One simple way to emulate/simulate the repeat potential of the 340 or any cipher without reusing the exact same frequency table is to match the raw ioc closely. It is 2236 for the 340.
Here’s how the calculate the ioc:
340 frequencies + ioc calculation: - first numeric value for each symbol is its frequency - second numeric value is its frequency minus 1 - symbols with a frequency of 1 get a value of 0 because they cannot repeat +: 24 * 23 = 552 B: 12 * 11 = 132 p: 11 * 10 = 110 |: 10 * 9 = 90 O: 10 * 9 = 90 c: 10 * 9 = 90 F: 10 * 9 = 90 2: 9 * 8 = 72 z: 9 * 8 = 72 R: 8 * 7 = 56 l: 7 * 6 = 42 (: 7 * 6 = 42 K: 7 * 6 = 42 M: 7 * 6 = 42 5: 7 * 6 = 42 ^: 6 * 5 = 30 V: 6 * 5 = 30 L: 6 * 5 = 30 G: 6 * 5 = 30 W: 6 * 5 = 30 .: 6 * 5 = 30 <: 6 * 5 = 30 *: 6 * 5 = 30 4: 6 * 5 = 30 k: 5 * 4 = 20 T: 5 * 4 = 20 d: 5 * 4 = 20 N: 5 * 4 = 20 #: 5 * 4 = 20 ): 5 * 4 = 20 y: 5 * 4 = 20 U: 5 * 4 = 20 -: 5 * 4 = 20 C: 5 * 4 = 20 H: 4 * 3 = 12 >: 4 * 3 = 12 D: 4 * 3 = 12 Y: 4 * 3 = 12 f: 4 * 3 = 12 Z: 4 * 3 = 12 J: 4 * 3 = 12 S: 4 * 3 = 12 8: 4 * 3 = 12 9: 4 * 3 = 12 t: 4 * 3 = 12 E: 3 * 2 = 6 P: 3 * 2 = 6 1: 3 * 2 = 6 7: 3 * 2 = 6 _: 3 * 2 = 6 /: 3 * 2 = 6 ;: 3 * 2 = 6 b: 3 * 2 = 6 6: 3 * 2 = 6 %: 2 * 1 = 2 :: 2 * 1 = 2 3: 2 * 1 = 2 j: 2 * 1 = 2 &: 2 * 1 = 2 q: 2 * 1 = 2 X: 2 * 1 = 2 A: 2 * 1 = 2 @: 1 * 0 = 0 summed total: 2236 (the raw ioc) normalized: 0.0193996182543814 = 2236 / (340 * 339)
Hi Jarlvie this is one of them. I will dig out the other I have misplaced it.
Thanks for sharing, what kind of pattern did you follow?
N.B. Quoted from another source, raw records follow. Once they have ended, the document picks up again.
definition cfun :: "nat \<Rightarrow> nat \<Rightarrow> int \<Rightarrow> int" where
  "cfun n l k = fst (decomp n l k)"
definition dfun :: "nat \<Rightarrow> nat \<Rightarrow> int \<Rightarrow> nat" where
  "dfun n l k = nat (fst (snd (decomp n l k)))"
definition mfun :: "nat \<Rightarrow> nat \<Rightarrow> int \<Rightarrow> int" where
  "mfun n l k = snd (snd (decomp n l k))"
definition phi :: "nat \<Rightarrow> nat \<Rightarrow> int \<Rightarrow> int" where
  "phi n l k = cfun n l k + int n * mfun n l k"

definition corresp :: "nat \<Rightarrow> nat \<Rightarrow> (nat \<Rightarrow> int) \<Rightarrow> (nat \<Rightarrow> cell set) \<Rightarrow> cell set \<Rightarrow> bool" where
  "corresp n l s blam lam \<longleftrightarrow>
     {(int (part (blam b) i) + s b + 1 - int i, b) | i b. 1 \<le> i \<and> 1 \<le> b \<and> b \<le> l}
   = {(phi n l k, dfun n l k) | k. \<exists>i\<ge>1. k = int (part lam i) + (\<Sum>b=1..l. s b) + 1 - int i}"

definition J1 :: "nat \<Rightarrow> (nat \<Rightarrow> cell set) \<Rightarrow> (nat \<Rightarrow> cell set) \<Rightarrow> nat \<Rightarrow> nat \<Rightarrow> bool" where
  "J1 l lam mu d d' \<longleftrightarrow> lam \<noteq> mu \<and> d \<in> {1..l} \<and> d' \<in> {1..l} \<and> d \<noteq> d' \<and>
     mu d \<subseteq> lam d \<and> lam d' \<subseteq> mu d' \<and> (\<forall>b\<in>{1..l}. b \<noteq> d \<and> b \<noteq> d' \<longrightarrow> lam b = mu b) \<and>
     is_ribbon (lam d - mu d) \<and> is_ribbon (mu d' - lam d') \<and>
     card (lam d - mu d) = card (mu d' - lam d')"

definition J2 :: "nat \<Rightarrow> (nat \<Rightarrow> cell set) \<Rightarrow> (nat \<Rightarrow> cell set) \<Rightarrow> nat \<Rightarrow> bool" where
  "J2 l lam mu d \<longleftrightarrow> lam \<noteq> mu \<and> d \<in> {1..l} \<and> (\<forall>b\<in>{1..l}. b \<noteq> d \<longrightarrow> lam b = mu b) \<and>
     is_ribbon (lam d - (lam d \<inter> mu d)) \<and> is_ribbon (mu d - (lam d \<inter> mu d)) \<and>
     card (lam d - (lam d \<inter> mu d)) = card (mu d - (lam d \<inter> mu d))"

definition head_res :: "nat \<Rightarrow> (nat \<Rightarrow> int) \<Rightarrow> nat \<Rightarrow> cell set \<Rightarrow> int" where
  "head_res n s d R = res n (content s (fst (rhead R), snd (rhead R), d))"
definition conn_rel :: "'v set \<Rightarrow> ('e \<Rightarrow> 'v \<times> 'v) \<Rightarrow> 'e set \<Rightarrow> ('v \<times> 'v) set" where
  "conn_rel V ends A =
     (Id_on V \<union> ends ` A \<union> (ends ` A)\<inverse>)\<^sup>* \<inter> (V \<times> V)"

definition num_comp :: "'v set \<Rightarrow> ('e \<Rightarrow> 'v \<times> 'v) \<Rightarrow> 'e set \<Rightarrow> nat" where
  "num_comp V ends A = card (V // conn_rel V ends A)"

definition potts_configs :: "'v set \<Rightarrow> nat \<Rightarrow> ('v \<Rightarrow> nat) set" where
  "potts_configs V q = (V \<rightarrow>\<^sub>E {1..q})"

definition mono_edges :: "'e set \<Rightarrow> ('e \<Rightarrow> 'v \<times> 'v) \<Rightarrow> ('v \<Rightarrow> nat) \<Rightarrow> 'e set" where
  "mono_edges E ends \<sigma> = {e\<in>E. \<sigma> (fst (ends e)) = \<sigma> (snd (ends e))}"

definition P_SW :: "'v set \<Rightarrow> 'e set \<Rightarrow> ('e \<Rightarrow> 'v \<times> 'v) \<Rightarrow> nat \<Rightarrow> real
                     \<Rightarrow> ('v \<Rightarrow> nat) \<Rightarrow> ('v \<Rightarrow> nat) \<Rightarrow> real" where
  "P_SW V E ends q \<beta> \<sigma> \<tau> =
     (let p = 1 - exp (- \<beta>) in
      (1 - p) ^ card (mono_edges E ends \<sigma>) *
      (\<Sum>A\<in>Pow (mono_edges E ends \<sigma> \<inter> mono_edges E ends \<tau>).
          (p / (1 - p)) ^ card A * (1 / real q ^ num_comp V ends A)))"

definition is_eigenvalue :: "'a set \<Rightarrow> ('a \<Rightarrow> 'a \<Rightarrow> real) \<Rightarrow> complex \<Rightarrow> bool" where
  "is_eigenvalue \<Omega> P \<xi> \<longleftrightarrow>
     (\<exists>f :: 'a \<Rightarrow> complex. (\<exists>x\<in>\<Omega>. f x \<noteq> 0) \<and>
        (\<forall>x\<in>\<Omega>. (\<Sum>y\<in>\<Omega>. complex_of_real (P x y) * f y) = \<xi> * f x))"

text \<open>Spectral gap 1 - max{|xi| : xi eigenvalue, xi ~= 1}; equals 1 if there is no
  eigenvalue other than 1.\<close>
definition spectral_gap :: "'a set \<Rightarrow> ('a \<Rightarrow> 'a \<Rightarrow> real) \<Rightarrow> real" where
  "spectral_gap \<Omega> P =
     1 - Max (insert 0 {cmod \<xi> | \<xi>. is_eigenvalue \<Omega> P \<xi> \<and> \<xi> \<noteq> 1})"

end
Hey thanks for sharing the raw ioc information. The values used to calculate the raw ioc are the same ones that I have been trying to match. I will add that to my encoder and find a way to use it.
I think its this method I will check it tonight I made two of them similar. odd ""COLUMNS"’ then even COLUMNS then each COLUMN up one period from the next. then read from top down.